# Super mario world odyssey



## jimmyj (Oct 28, 2017)

So I made a level for the rom hack super mario world odyssey and wish to continue but I am not too sure about my levels. Level design is just complex for me but I really wanted to at least try making this. I made a vid showing off the level in an emulator
take a look. 
If none of you like the level design I won't continue the level hacks but if you do well I will continue (duh)
Please leave your honest opinion
super mario world odyssey is made by lx5: https://www.youtube.com/user/TheLX5
Update: new level 
Also the Yoshi coins are in different spots but I did not show it in the vid because...duh
Update: lvl3 
Update: 
download:https://mega.nz/#!NsJQxKYR!y1o158DNNIqtAisKWdbyTN2wQIga8jyv2cwd1yMQg2


----------



## ArtemisM (Oct 29, 2017)

This is a SNES romhack. This has nothing to do with 3DS.


----------



## jimmyj (Oct 29, 2017)

I am awarw but i got this idea while playing it on a 3ds,so i hoped that people would play it on a 3ds as well.

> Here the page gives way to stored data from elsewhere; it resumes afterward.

sublocale lat: lattice meet le "\<lambda>x y. x \<sqsubseteq> y \<and> \<not> y \<sqsubseteq> x" join
proof -
  have meet_assoc: "\<And>x y z. x \<sqinter> (y \<sqinter> z) = x \<sqinter> y \<sqinter> z" and meet_comm: "\<And>x y. x \<sqinter> y = y \<sqinter> x"
    and join_assoc: "\<And>x y z. x \<squnion> (y \<squnion> z) = x \<squnion> y \<squnion> z" and join_comm: "\<And>x y. x \<squnion> y = y \<squnion> x"
    and absorb_meet: "\<And>x y. x \<sqinter> (x \<squnion> y) = x" and absorb_join: "\<And>x y. x \<squnion> (x \<sqinter> y) = x"
    using lattice_ops unfolding bounded_lattice_ops_def by blast+
  have le_iff_join: "x \<sqsubseteq> y \<longleftrightarrow> x \<squnion> y = y" for x y
    unfolding lat_le_def by (metis absorb_meet absorb_join meet_comm join_comm)
  have refl: "x \<sqsubseteq> x" for x
    unfolding lat_le_def by (metis absorb_meet absorb_join)
  have trans: "x \<sqsubseteq> z" if "x \<sqsubseteq> y" "y \<sqsubseteq> z" for x y z
    using that unfolding lat_le_def by (metis meet_assoc)
  have antisym: "x = y" if "x \<sqsubseteq> y" "y \<sqsubseteq> x" for x y
    using that unfolding lat_le_def by (metis meet_comm)
  have inf1: "x \<sqinter> y \<sqsubseteq> x" for x y
    unfolding lat_le_def by (metis meet_assoc meet_comm refl lat_le_def)
  have inf2: "x \<sqinter> y \<sqsubseteq> y" for x y
    using inf1 meet_comm by metis
  have inf_greatest: "x \<sqsubseteq> y \<sqinter> z" if "x \<sqsubseteq> y" "x \<sqsubseteq> z" for x y z
    using that unfolding lat_le_def by (metis meet_assoc)
  have sup1: "x \<sqsubseteq> x \<squnion> y" for x y
    unfolding lat_le_def by (rule absorb_meet)
  have sup2: "y \<sqsubseteq> x \<squnion> y" for x y
    using sup1 join_comm by metis
  have sup_least: "y \<squnion> z \<sqsubseteq> x" if "y \<sqsubseteq> x" "z \<sqsubseteq> x" for x y z
    using that unfolding le_iff_join by (metis join_assoc)
  show "class.lattice meet le (\<lambda>x y. x \<sqsubseteq> y \<and> \<not> y \<sqsubseteq> x) join"
    unfolding class.lattice_def class.semilattice_inf_def class.semilattice_sup_def
      class.order_def class.preorder_def class.order_axioms_def
      class.semilattice_inf_axioms_def class.semilattice_sup_axioms_def
    using refl trans antisym inf1 inf2 inf_greatest sup1 sup2 sup_least by blast
qed

lemma assoc: "x \<cdot> (y \<cdot> z) = x \<cdot> y \<cdot> z"
  and left_unit [simp]: "e \<cdot> x = x" and right_unit [simp]: "x \<cdot> e = x"
  using monoid unfolding monoid_ops_def by blast+

lemma le_rdiv_iff: "x \<cdot> y \<sqsubseteq> z \<longleftrightarrow> x \<sqsubseteq> rdiv z y"
  and le_ldiv_iff: "x \<cdot> y \<sqsubseteq> z \<longleftrightarrow> y \<sqsubseteq> ldiv x z"
  using residuated unfolding residuated_ops_def by blast+

lemma mult_left_mono: "x \<sqsubseteq> y \<Longrightarrow> z \<cdot> x \<sqsubseteq> z \<cdot> y"
  by (meson lat.order.trans lat.order.refl le_ldiv_iff)

lemma mult_right_mono: "x \<sqsubseteq> y \<Longrightarrow> x \<cdot> z \<sqsubseteq> y \<cdot> z"
  by (meson lat.order.trans lat.order.refl le_rdiv_iff)

lemma mult_mono: "x \<sqsubseteq> y \<Longrightarrow> z \<sqsubseteq> w \<Longrightarrow> x \<cdot> z \<sqsubseteq> y \<cdot> w"
  by (meson lat.order.trans mult_left_mono mult_right_mono)

lemma mult_le_unit: "x \<sqsubseteq> e \<Longrightarrow> y \<sqsubseteq> e \<Longrightarrow> x \<cdot> y \<sqsubseteq> e"
  using mult_mono by fastforce

lemma mult_sup_le: "x \<cdot> (y \<squnion> z) \<sqsubseteq> x \<cdot> y \<squnion> x \<cdot> z"
  by (metis lat.le_supI lat.sup_ge1 lat.sup_ge2 le_ldiv_iff)

lemma sup_mult_le: "(y \<squnion> z) \<cdot> x \<sqsubseteq> y \<cdot> x \<squnion> z \<cdot> x"
  by (metis lat.le_supI lat.sup_ge1 lat.sup_ge2 le_rdiv_iff)

lemma ldiv_unit [simp]: "ldiv e y = y"
  by (metis lat.order.antisym lat.order.refl le_ldiv_iff left_unit)

lemma rdiv_unit [simp]: "rdiv y e = y"
  by (metis lat.order.antisym lat.order.refl le_rdiv_iff right_unit)

lemma mult_ldiv_le: "x \<cdot> ldiv x y \<sqsubseteq> y"
  using le_ldiv_iff lat.order.refl by blast

lemma lam_le_unit: "lam u x \<sqsubseteq> e" and rho_le_unit: "rho u x \<sqsubseteq> e"
  unfolding lconj_def rconj_def by simp_all

lemma mult_lam_le: "u \<cdot> lam u x \<sqsubseteq> x \<cdot> u"
  unfolding lconj_def by (meson lat.inf_le1 le_ldiv_iff)

lemma rho_mult_le: "rho u x \<cdot> u \<sqsubseteq> u \<cdot> x"
  unfolding rconj_def by (meson lat.inf_le1 le_rdiv_iff)

lemma le_lamI: "z \<sqsubseteq> e \<Longrightarrow> u \<cdot> z \<sqsubseteq> x \<cdot> u \<Longrightarrow> z \<sqsubseteq> lam u x"
  unfolding lconj_def by (simp add: le_ldiv_iff)

lemma le_rhoI: "z \<sqsubseteq> e \<Longrightarrow> z \<cdot> u \<sqsubseteq> u \<cdot> x \<Longrightarrow> z \<sqsubseteq> rho u x"
  unfolding rconj_def by (simp add: le_rdiv_iff)

lemma lam_mono: "x \<sqsubseteq> y \<Longrightarrow> lam u x \<sqsubseteq> lam u y"
  by (meson lam_le_unit le_lamI mult_lam_le lat.order.trans mult_right_mono)

lemma rho_mono: "x \<sqsubseteq> y \<Longrightarrow> rho u x \<sqsubseteq> rho u y"
  by (meson rho_le_unit le_rhoI rho_mult_le lat.order.trans mult_left_mono)

lemma lam_mult_le: "lam u x \<cdot> lam u y \<sqsubseteq> lam u (x \<cdot> y)"
proof (rule le_lamI)
  show "lam u x \<cdot> lam u y \<sqsubseteq> e" by (simp add: mult_le_unit lam_le_unit)
  have "u \<cdot> (lam u x \<cdot> lam u y) \<sqsubseteq> x \<cdot> u \<cdot> lam u y"
    by (metis mult_lam_le mult_right_mono assoc)
  also have "\<dots> \<sqsubseteq> x \<cdot> y \<cdot> u"
    by (metis mult_lam_le mult_left_mono assoc)
  finally show "u \<cdot> (lam u x \<cdot> lam u y) \<sqsubseteq> x \<cdot> y \<cdot> u" .
qed

lemma rho_mult_le_rho: "rho u x \<cdot> rho u y \<sqsubseteq> rho u (x \<cdot> y)"
proof (rule le_rhoI)
  show "rho u x \<cdot> rho u y \<sqsubseteq> e" by (simp add: mult_le_unit rho_le_unit)
  have "rho u x \<cdot> rho u y \<cdot> u \<sqsubseteq> rho u x \<cdot> (u \<cdot> y)"
    by (metis rho_mult_le mult_left_mono assoc)
  also have "\<dots> \<sqsubseteq> u \<cdot> (x \<cdot> y)"
    by (metis rho_mult_le mult_right_mono assoc)
  finally show "rho u x \<cdot> rho u y \<cdot> u \<sqsubseteq> u \<cdot> (x \<cdot> y)" .
qed

lemma lam_unit [simp]: "lam u e = e" and rho_unit [simp]: "rho u e = e"
  by (simp_all add: lat.order.antisym lam_le_unit rho_le_unit le_lamI le_rhoI)

lemma lam_by_unit [simp]: "lam e x = x \<sqinter> e" and rho_by_unit [simp]: "rho e x = x \<sqinter> e"
  unfolding lconj_def rconj_def by simp_all

inductive_set conj_closure :: "'a \<Rightarrow> 'a set" for p where
  self: "p \<in> conj_closure p"
| lam: "x \<in> conj_closure p \<Longrightarrow> lam u x \<in> conj_closure p"
| rho: "x \<in> conj_closure p \<Longrightarrow> rho u x \<in> conj_closure p"

inductive_set conj_monoid :: "'a \<Rightarrow> 'a set" for p where
  unit: "e \<in> conj_monoid p"
| mult: "x \<in> conj_closure p \<Longrightarrow> m \<in> conj_monoid p \<Longrightarrow> x \<cdot> m \<in> conj_monoid p"

lemma conj_monoid_mult: "m \<in> conj_monoid p \<Longrightarrow> n \<in> conj_monoid p \<Longrightarrow> m \<cdot> n \<in> conj_monoid p"
  by (induction m rule: conj_monoid.induct) (auto simp flip: assoc intro: conj_monoid.mult)

lemma conj_monoid_lam: "m \<in> conj_monoid p \<Longrightarrow> \<exists>m'\<in>conj_monoid p. m' \<sqsubseteq> lam u m"
proof (induction m rule: conj_monoid.induct)
  case (mult x m)
  then obtain m' where "m' \<in> conj_monoid p" "m' \<sqsubseteq> lam u m" by blast
  then have "lam u x \<cdot> m' \<in> conj_monoid p" "lam u x \<cdot> m' \<sqsubseteq> lam u (x \<cdot> m)"
    using mult.hyps conj_closure.lam conj_monoid.mult lam_mult_le lat.order.trans mult_left_mono
    by blast+
  then show ?case by blast
qed (use conj_monoid.unit in force)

This can be moved obviously


----------



## jimmyj (Oct 29, 2017)

Update: new level 
Also the Yoshi coins are in different spots but I did not show it in the vid because...duh


----------



## jimmyj (Oct 29, 2017)

update: Got my name in the title screen


----------



## wurstpistole (Oct 29, 2017)

Stop pushing your crap


----------



## jimmyj (Oct 29, 2017)

wurstpistole said:


> Stop pushing your crap


i'm giving updates lol


----------



## wurstpistole (Oct 29, 2017)

jimmyj said:


> i'm giving updates lol


updates on a topic no one cares about in the wrong section


----------



## jimmyj (Oct 29, 2017)

wurstpistole said:


> updates on a topic no one cares about in the wrong section


i'll change the section then. Doesn't mean no body cares


----------



## Gyrobax (Oct 30, 2017)

It's not that nobody cares, it's completely unrelated to the topic of the 3ds, just because you got the idea from playing on the 3ds doesn't mean it has anything to do with 3ds romhacking or development.


----------



## jimmyj (Oct 30, 2017)

made level 3 will give a video update tomorrow


----------



## jimmyj (Oct 31, 2017)

new vid+demo download


----------



## jimmyj (Oct 31, 2017)

given yosh a nice moustache


----------



## Scarlet (Oct 31, 2017)

I'd strongly advise changing the title of the thread and project. This isn't Super Mario World Odyssey and you have no affiliation with its creator. It's misleading to say the least. I get you're using it as a base, but you need to make it clear this is a different project.


----------



## jimmyj (Nov 1, 2017)

I'm not really sure what to call it then... since it was just the levels and nothing else I thought that the name would not need a change because it was technically just an expasion


----------



## Smash_boi (Nov 14, 2017)

how do open the downloaded file


----------



## Thirty3Three (Nov 14, 2017)

wurstpistole said:


> updates on a topic no one cares about in the wrong section


Don't be an asshole.


----------



## jimmyj (Nov 14, 2017)

Smash_boi said:


> how do open the downloaded file


It's an IPS/bps file so not the retail ROM.
1. Aquire the retail super Mario world ROM 
2. Go to super Mario world central (website) and download an app called "flips" if I recall correctly
3.open the flips app and click apply patch
4. Select the file you downloaded from me
5. Select the retail ROM 
6. Open the patched ROM in a emulator


----------



## wurstpistole (Nov 14, 2017)

Thirty3Three said:


> Don't be an asshole.


But I am such a good asshole


----------



## jimmyj (Nov 14, 2017)

wurstpistole said:


> But I am such a good asshole


nah


----------



## Aling3 (Nov 21, 2017)

The download link asks for an decryption key? :/


----------



## jimmyj (Nov 22, 2017)

It shouldnt try this https://mega.nz/#!NsJQxKYR!y1o158DNNIqtAisKWdbyTN2wQIga8jyv2cwd1yMQg2k


----------



## MrMcTiller (May 22, 2018)

This is really neat.


----------



## KiiWii (May 22, 2018)

Haha I love Mario's hat hair.

Props on this project its great!


----------



## jimmyj (May 22, 2018)

it's not dead yet lol. I'm still making some progress slowly


----------